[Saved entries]
*** Begin section ***

lemma wd_algebra_of_family:
  fixes w :: "'i \<Rightarrow> complex" and lam :: "'i \<Rightarrow> nat"
  assumes w: "((\<lambda>i. norm (w i)) has_sum S) I"
    and lam: "\<And>i. i \<in> I \<Longrightarrow> lam i \<ge> 1"
    and h: "\<And>s. 0 \<le> Re s \<Longrightarrow> h s = (\<Sum>\<^sub>\<infinity>i\<in>I. w i * of_nat (lam i) powr (- s))"
  shows "h \<in> wd_algebra" and "wd_norm h \<le> S"
proof -
  define a where "a n = (\<Sum>\<^sub>\<infinity>i\<in>{i\<in>I. lam i = n}. w i)" for n
  have lam_I: "lam ` I \<subseteq> {1..}" using lam by auto
  have fibre_sum: "((\<lambda>n. \<Sum>\<^sub>\<infinity>i\<in>{i\<in>I. lam i = n}. norm (w i)) has_sum S) {1..}"
    by (rule has_sum_fibres[OF w lam_I])
  have norm_a: "norm (a n) \<le> (\<Sum>\<^sub>\<infinity>i\<in>{i\<in>I. lam i = n}. norm (w i))" for n
    unfolding a_def
    by (rule norm_infsum_bound, rule summable_on_subset_banach[OF has_sum_imp_summable[OF w]]) auto
  have a_sum: "(\<lambda>n. norm (a n)) summable_on {1..}"
    by (rule summable_on_comparison_test[OF has_sum_imp_summable[OF fibre_sum]]) (use norm_a in auto)
  have a_le: "(\<Sum>\<^sub>\<infinity>n\<in>{1..}. norm (a n)) \<le> S"
    using infsum_mono[OF a_sum has_sum_imp_summable[OF fibre_sum] norm_a] fibre_sum
    by (simp add: infsumI)
  have "wd_rep a h"
    unfolding wd_rep_def
  proof (intro conjI allI impI a_sum)
    fix s :: complex assume s: "0 \<le> Re s"
    have "(\<lambda>i. norm (w i * of_nat (lam i) powr (- s))) summable_on I"
      using summable_on_dirichlet_terms[OF has_sum_imp_summable[OF w] s] .
    then have "((\<lambda>i. w i * of_nat (lam i) powr (- s)) has_sum h s) I"
      using h[OF s] by (simp add: abs_summable_summable)
    from has_sum_fibres[OF this lam_I]
    have "((\<lambda>n. \<Sum>\<^sub>\<infinity>i\<in>{i\<in>I. lam i = n}. w i * of_nat n powr (- s)) has_sum h s) {1..}"
      by (rule has_sum_cong[THEN iffD1, rotated]) (auto intro: infsum_cong)
    then show "h s = dirichlet_val a s"
      unfolding dirichlet_val_def a_def by (simp add: infsum_cmult_left' infsumI)
  qed
  then show "h \<in> wd_algebra" and "wd_norm h \<le> S"
    using wd_norm_le_coeff_sum a_le unfolding wd_algebra_def by fastforce+
qed

section \<open>Dirichlet expansion of a composition\<close>

definition dirichlet_tail :: "(nat \<Rightarrow> complex) \<Rightarrow> complex \<Rightarrow> complex" where
  "dirichlet_tail c s = (\<Sum>\<^sub>\<infinity>n\<in>{2..}. c n * of_nat n powr (- s))"

definition tail_norm :: "(nat \<Rightarrow> complex) \<Rightarrow> real" where
  "tail_norm c = (\<Sum>\<^sub>\<infinity>n\<in>{2..}. norm (c n))"

lemma symbol_phi_eq:
  assumes c: "(\<lambda>n. norm (c n)) summable_on {2..}" and s: "0 \<le> Re s"
  shows "symbol_phi c0 c s = of_nat c0 * s + c 1 + dirichlet_tail c s"
proof -
  have "(\<lambda>n. c n * of_nat n powr (- s)) summable_on {2..}"
    using summable_on_dirichlet_terms[OF c s] by (rule abs_summable_summable)
  moreover have "{1::nat..} = insert 1 {2..}" by auto
  ultimately show ?thesis
    unfolding symbol_phi_def dirichlet_val_def dirichlet_tail_def by (simp add: infsum_insert)
qed

lemma norm_dirichlet_tail_le:
  assumes c: "(\<lambda>n. norm (c n)) summable_on {2..}" and s: "0 \<le> Re s"
  shows "norm (dirichlet_tail c s) \<le> tail_norm c"
proof -
  have "norm (dirichlet_tail c s) \<le> (\<Sum>\<^sub>\<infinity>n\<in>{2..}. norm (c n * of_nat n powr (- s)))"
    unfolding dirichlet_tail_def by (rule norm_infsum_bound[OF summable_on_dirichlet_terms[OF c s]])
  also have "\<dots> \<le> tail_norm c"
    unfolding tail_norm_def
    by (rule infsum_mono[OF summable_on_dirichlet_terms[OF c s] c]) (rule norm_dirichlet_term_le[OF s])
  finally show ?thesis .
qed

lemma Re_symbol_phi_nonneg:
  assumes c: "(\<lambda>n. norm (c n)) summable_on {2..}" and le: "tail_norm c \<le> Re (c 1)"
    and s: "0 \<le> Re s"
  shows "0 \<le> Re (symbol_phi c0 c s)"
proof -
  have "- Re (dirichlet_tail c s) \<le> tail_norm c"
    using norm_dirichlet_tail_le[OF c s] complex_Re_le_cmod[of "- dirichlet_tail c s"] by simp
  moreover have "0 \<le> real c0 * Re s" using s by simp
  ultimately show ?thesis using le by (simp add: symbol_phi_eq[OF c s])
qed

text \<open>Writing \<open>\<psi> = dirichlet_tail c\<close>, one has
  \<open>m powr - (c0 * s + c 1 + \<psi> s) = m powr - c 1 * (m powr - s) ^ c0 * exp (- ln m * \<psi> s)\<close>.
  Expanding the exponential and the powers of \<open>\<psi> s\<close> over \<open>finite_tuples {2..}\<close>, the tuple
  \<open>(k, p)\<close> contributes \<open>phi_coeff c m (k, p)\<close> at the frequency \<open>phi_freq c0 m (k, p)\<close>.\<close>
definition phi_coeff :: "(nat \<Rightarrow> complex) \<Rightarrow> nat \<Rightarrow> nat \<times> (nat \<Rightarrow> nat) \<Rightarrow> complex" where
  "phi_coeff c m j = (case j of (k, p) \<Rightarrow>
     of_nat m powr (- c 1) * (- of_real (ln (real m))) ^ k / fact k * (\<Prod>i<k. c (p i)))"

definition phi_freq :: "nat \<Rightarrow> nat \<Rightarrow> nat \<times> (nat \<Rightarrow> nat) \<Rightarrow> nat" where
  "phi_freq c0 m j = (case j of (k, p) \<Rightarrow> m ^ c0 * (\<Prod>i<k. p i))"

lemma phi_freq_ge_1: "m \<ge> 1 \<Longrightarrow> j \<in> finite_tuples {2..} \<Longrightarrow> phi_freq c0 m j \<ge> 1"
  unfolding phi_freq_def finite_tuples_def
  by (auto simp: PiE_def Pi_def Suc_le_eq intro!: prod_pos) (metis less_le_trans pos2)

lemma has_sum_norm_phi_coeff:
  assumes c: "(\<lambda>n. norm (c n)) summable_on {2..}" and m: "m \<ge> 1"
  shows "((\<lambda>j. norm (phi_coeff c m j)) has_sum real m powr (tail_norm c - Re (c 1)))
           (finite_tuples {2..})"
proof -
  define x :: complex where "x = - of_real (ln (real m))"
  define C where "C = real m powr (- Re (c 1))"
  have norm_eq: "norm (phi_coeff c m j) =
      C * (case j of (k, p) \<Rightarrow> norm (x ^ k / fact k * (\<Prod>i<k. c (p i))))" for j
    using m by (cases j) (simp add: phi_coeff_def C_def x_def norm_mult norm_divide norm_powr_real_powr)
  have exp_eq: "C * exp (norm x * tail_norm c) = real m powr (tail_norm c - Re (c 1))"
    using m by (simp add: C_def x_def powr_def exp_add[symmetric] algebra_simps)
  have "((\<lambda>j. C * (case j of (k, p) \<Rightarrow> norm (x ^ k / fact k * (\<Prod>i<k. c (p i)))))
      has_sum C * exp (norm x * tail_norm c)) (finite_tuples {2..})"
    unfolding tail_norm_def by (rule has_sum_cmult_right[OF has_sum_norm_exp_tuples[OF c]])
  then show ?thesis by (simp only: norm_eq[symmetric] exp_eq)
qed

*** End section ***

EXERCISE DETAILS
Give back, exactly as written, the stretch from the line with "unfolding dirichlet_tail_def by" through the line with "Re (dirichlet_tail c", and no other lines from the records above.

RESULT
    unfolding dirichlet_tail_def by (rule norm_infsum_bound[OF summable_on_dirichlet_terms[OF c s]])
  also have "\<dots> \<le> tail_norm c"
    unfolding tail_norm_def
    by (rule infsum_mono[OF summable_on_dirichlet_terms[OF c s] c]) (rule norm_dirichlet_term_le[OF s])
  finally show ?thesis .
qed

lemma Re_symbol_phi_nonneg:
  assumes c: "(\<lambda>n. norm (c n)) summable_on {2..}" and le: "tail_norm c \<le> Re (c 1)"
    and s: "0 \<le> Re s"
  shows "0 \<le> Re (symbol_phi c0 c s)"
proof -
  have "- Re (dirichlet_tail c s) \<le> tail_norm c"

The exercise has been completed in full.